Skip to main content

When Should I Close an Old Credit Card in Canada?

Updated

Short Answer

Closing an old credit card raises your credit utilization ratio and may shorten your credit history — both negatively affect your credit score. Closing a card makes sense primarily when the annual fee exceeds the card’s value and you have strong credit otherwise. For no-fee cards, keeping them open almost always costs nothing and protects your score.

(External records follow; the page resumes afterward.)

(* Let $r,k\geq2$ be integers with $(r,k)\neq(2,2)$. Then $\zeta<r(k-1)$, where $\zeta=r\beta/\alpha$.
   Context: $f_t(\mu)=e^{-\mu}\sum_{i\geq t}\mu^i/i!$. $\mu_{r,k}$ is the unique minimizer over $\mu>0$ of $\mu/f_{k-1}(\mu)^{r-1}$, $\alpha=f_k(\mu_{r,k})$ and $\beta=\frac1r\mu_{r,k}f_{k-1}(\mu_{r,k})$; thus $\zeta=\mu_{r,k}f_{k-1}(\mu_{r,k})/f_k(\mu_{r,k})$. *)

theory Defs
  imports "HOL-Analysis.Analysis"
begin

definition ptail :: "nat \<Rightarrow> real \<Rightarrow> real" where
  "ptail t \<mu> = exp (- \<mu>) * (\<Sum>i. if t \<le> i then \<mu> ^ i / fact i else 0)"

definition mu_rk :: "nat \<Rightarrow> nat \<Rightarrow> real" where
  "mu_rk r k = (THE \<mu>. \<mu> > 0 \<and>
     (\<forall>\<nu>>0. \<mu> / ptail (k - 1) \<mu> ^ (r - 1) \<le> \<nu> / ptail (k - 1) \<nu> ^ (r - 1)))"

definition alpha_rk :: "nat \<Rightarrow> nat \<Rightarrow> real" where
  "alpha_rk r k = ptail k (mu_rk r k)"

definition beta_rk :: "nat \<Rightarrow> nat \<Rightarrow> real" where
  "beta_rk r k = (1 / real r) * mu_rk r k * ptail (k - 1) (mu_rk r k)"

definition zeta_rk :: "nat \<Rightarrow> nat \<Rightarrow> real" where
  "zeta_rk r k = real r * beta_rk r k / alpha_rk r k"

end

theory Submission
  imports Defs
begin

(*
  Put a = k - 1 and write f_a(x) = exp(-x) x^a / a! * H_a(x) with
  H_a(x) = sum_j a! x^j / (a + j)! (tail_ratio a below), a strictly increasing function. The derivative of
  mu / f_a(mu)^(r-1) has the sign of H_a(mu) - c, where c = (r - 1) a, so mu_{r,k} is the
  root of H_a(mu) = c. As f_k = f_a - exp(-mu) mu^a / a!, this gives zeta = mu c / (c - 1),
  and the claim becomes mu_{r,k} < M = r a - r / (r - 1), i.e. H_a(M) > c. In the series
  for H_a(M) the terms of index at most c - 2 are at least 1, because M >= a + c - 2, and
  the next three terms add up to more than 1.
*)

lemma ptail_eq_one_minus_sum: "ptail t x = 1 - exp (-x) * (\<Sum>i<t. x^i / fact i)"
proof -
  have exp: "(\<lambda>i. x^i / fact i) sums exp x"
    using exp_converges[of x] by (simp add: divide_inverse mult.commute)
  have "(\<lambda>i. if i \<in> {..<t} then 0 else x^i / fact i) sums (exp x + (\<Sum>i<t. 0 - x^i / fact i))"
    by (rule sums_If_finite_set'[OF exp]) auto
  moreover have "(\<lambda>i. if i \<in> {..<t} then 0 else x^i / fact i) = (\<lambda>i. if t \<le> i then x^i / fact i else 0)"
    by (auto simp: fun_eq_iff)
  ultimately have "(\<Sum>i. if t \<le> i then x^i / fact i else 0) = exp x - (\<Sum>i<t. x^i / fact i)"
    by (simp add: sum_negf sums_iff)
  then show ?thesis
    by (simp add: ptail_def right_diff_distrib exp_minus field_simps)
qed

lemma ptail_Suc: "ptail (Suc t) x = ptail t x - exp (-x) * x^t / fact t"
  by (simp add: ptail_eq_one_minus_sum algebra_simps)

lemma has_real_derivative_ptail_Suc: "(ptail (Suc t) has_real_derivative exp (-x) * x^t / fact t) (at x)"
proof (induction t)
  case 0
  have "ptail (Suc 0) = (\<lambda>x. 1 - exp (-x))"
    by (simp add: ptail_eq_one_minus_sum fun_eq_iff)
  then show ?case
    by (auto intro!: derivative_eq_intros)
next
  case (Suc t)
  have "ptail (Suc (Suc t)) = (\<lambda>x. ptail (Suc t) x - exp (-x) * x^Suc t / fact (Suc t))"
    by (simp add: ptail_Suc[of "Suc t"] fun_eq_iff del: fact_Suc)
  moreover have "((\<lambda>x. ptail (Suc t) x - exp (-x) * x^Suc t / fact (Suc t)) has_real_derivative
      exp (-x) * x^t / fact t
        - ((- exp (-x)) * x^Suc t + exp (-x) * (real (Suc t) * x^t)) / fact (Suc t)) (at x)"
    by (auto intro!: derivative_eq_intros Suc simp del: fact_Suc power_Suc)
  moreover have "exp (-x) * x^t / fact t
      - ((- exp (-x)) * x^Suc t + exp (-x) * (real (Suc t) * x^t)) / fact (Suc t)
    = exp (-x) * x^Suc t / fact (Suc t)"
    by (simp add: field_simps del: fact_Suc) (simp add: algebra_simps)
  ultimately show ?case
    by simp
qed

definition tail_ratio :: "nat \<Rightarrow> real \<Rightarrow> real" where
  "tail_ratio a x = (\<Sum>j. fact a / fact (a + j) * x^j)"

lemma fact_mult_fact_le_fact_add: "fact a * fact j \<le> (fact (a + j) :: real)"
proof -
  have "fact a * fact j \<le> (fact (a + j) :: nat)"
    using fact_fact_dvd_fact[of a j] by (rule dvd_imp_le) simp
  then show ?thesis
    by (metis of_nat_fact of_nat_le_iff of_nat_mult)
qed

lemma summable_tail_ratio: "summable (\<lambda>j. fact a / fact (a + j) * (x::real)^j)"
proof (rule summable_comparison_test'[where N = 0])
  show "summable (\<lambda>j. \<bar>x\<bar>^j / fact j)"
    using summable_exp[of "\<bar>x\<bar>"] by (simp add: divide_inverse mult.commute)
  fix j
  have "fact a / fact (a + j) \<le> (1 / fact j :: real)"
    using fact_mult_fact_le_fact_add[of a j] by (simp add: field_simps)
  then have "fact a / fact (a + j) * \<bar>x\<bar>^j \<le> 1 / fact j * \<bar>x\<bar>^j"
    by (rule mult_right_mono) simp
  then show "norm (fact a / fact (a + j) * x^j) \<le> \<bar>x\<bar>^j / fact j"
    by (simp add: abs_mult power_abs)
qed

lemma tail_ratio_sums: "(\<lambda>j. fact a / fact (a + j) * x^j) sums tail_ratio a x"
  unfolding tail_ratio_def by (rule summable_sums[OF summable_tail_ratio])

lemma isCont_tail_ratio: "isCont (tail_ratio a) x"
  unfolding tail_ratio_def by (rule isCont_powser_converges_everywhere[OF summable_tail_ratio])

lemma tail_ratio_0 [simp]: "tail_ratio a 0 = 1"
  using powser_zero[of "\<lambda>j. fact a / fact (a + j) :: real"] by (simp add: tail_ratio_def)

lemma ptail_eq_tail_ratio: "ptail a x = exp (-x) * x^a / fact a * tail_ratio a x"
proof -
  have "(\<lambda>j. x^a / fact a * (fact a / fact (a + j) * x^j)) sums (x^a / fact a * tail_ratio a x)"
    by (rule sums_mult[OF tail_ratio_sums])
  then have "(\<lambda>j. x^(j + a) / fact (j + a)) sums (x^a / fact a * tail_ratio a x)"
    by (simp add: power_add add.commute mult.commute)
  then have "(\<lambda>i. if a \<le> i then x^i / fact i else 0) sums (x^a / fact a * tail_ratio a x)"
    by (subst sums_zero_iff_shift[of a, symmetric]) (auto simp: add.commute)
  then show ?thesis
    by (simp add: ptail_def sums_iff)
qed

lemma tail_ratio_strict_mono:
  assumes "0 \<le> x" "x < y"
  shows "tail_ratio a x < tail_ratio a y"
proof -
  let ?d = "\<lambda>j. fact a / fact (a + j) * y^j - fact a / fact (a + j) * x^j"
  have "?d sums (tail_ratio a y - tail_ratio a x)"
    by (rule sums_diff[OF tail_ratio_sums tail_ratio_sums])
  moreover have "0 \<le> ?d j" for j
  proof -
    have "x^j \<le> y^j"
      using assms by (intro power_mono) auto
    then show ?thesis
      using mult_left_mono[of "x^j" "y^j" "fact a / fact (a + j)"] by simp
  qed
  moreover have "0 < ?d 1"
    using assms by (simp add: divide_strict_right_mono)
  ultimately show ?thesis
    using suminf_pos2[of ?d 1] by (auto simp: sums_iff)
qed

lemma sum_le_tail_ratio:
  assumes "0 \<le> x"
  shows "(\<Sum>j<n. fact a / fact (a + j) * x^j) \<le> tail_ratio a x"
  using sum_le_suminf[OF summable_tail_ratio, of "{..<n}"] assms
  by (simp add: tail_ratio_def)

lemma tail_ratio_term_Suc:
  "fact a / fact (a + Suc j) * x^Suc j = fact a / fact (a + j) * x^j * (x / real (a + Suc j))"
  by (simp add: field_simps)

lemma tail_ratio_term_ge_one:
  assumes "real (a + j) \<le> x"
  shows "1 \<le> fact a / fact (a + j) * x^j"
  using assms
proof (induction j)
  case (Suc j)
  then have le: "1 \<le> fact a / fact (a + j) * x^j" "1 \<le> x / real (a + Suc j)"
    by simp_all
  have "1 * 1 \<le> fact a / fact (a + j) * x^j * (x / real (a + Suc j))"
    by (rule mult_mono[OF le]) (use le(1) in linarith)+
  then show ?case
    by (simp only: tail_ratio_term_Suc)
qed simp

What Closing a Card Actually Does to Your Credit Score

Credit scores in Canada (Equifax and TransUnion) factor in several components. Closing a card can affect two of them:

Credit factor Approximate weight How closing a card affects it
Payment history ~35% No impact if closed with $0 balance
Credit utilization ~30% Increases utilization (negative)
Credit history length ~15% May decrease if it’s your oldest card
Credit mix ~10% Minor impact if only revolving account
New credit inquiries ~10% No impact when closing

The Utilization Ratio Calculation

Scenario Your balances Total available credit Utilization
Before closing card ($5,000 limit) $2,000 $20,000 10%
After closing card $2,000 $15,000 13.3%
Closing a card with $10,000 limit $2,000 $10,000 20%

Closing a card with a large limit causes a proportionally larger utilization jump. If you are carrying balances on other cards, the effect is amplified.

When Closing a Card Makes Sense

Situation Reasoning
Annual fee exceeds earned value Paying $150/year for a card with unused rewards is a direct cost with no benefit
Card encourages overspending Closing removes the available credit and temptation
Divorce or separation — joint card Close joint accounts to remove financial liability to a former partner
Identity theft or fraud risk Closing a compromised card is appropriate regardless of credit impact
Card is with a lender you want to exit Rare, but simplifying lender relationships is valid

When to Keep an Old Card Open

Situation Reasoning
No annual fee Zero cost to hold; only benefits to credit score
Oldest account you have Protects average credit history length
Highest credit limit Contributes most to lowering utilization ratio
Card provides ongoing perks (insurance, lounge access) you use Benefits worth evaluating against any fee

Alternatives to Closing

Before closing, consider these options that preserve your credit profile:

Alternative How it works
Product switch (downgrade) Ask card issuer to convert your card to a no-fee version — keeps account open, preserves history, eliminates fee
Reduce credit limit instead Lowers exposure without closing; smaller utilization effect than full closure
Freeze / cut the card Keep the account open but remove the physical card — no risk of spending, no credit impact
Periodic small purchase Make one small purchase per year and pay it off to keep the account active

The Timing Rule: Avoid Closing Near Major Applications

Time before application Action
6+ months Low-risk window to close a card if needed
3–6 months Cautious — avoid closing unless necessary
Under 3 months Keep all cards open regardless of annual fees — do not disrupt credit profile

This applies to: mortgage applications, car loan applications, large personal loan applications.

Bottom Line

Keep old no-fee credit cards open — they cost nothing and protect your credit score by maintaining utilization headroom and account history. Close a card only when the annual fee isn’t justified by the benefits, you are not approaching a major credit application, and the card is not your oldest or highest-limit account. When in doubt, ask the issuer about a product downgrade instead of closure.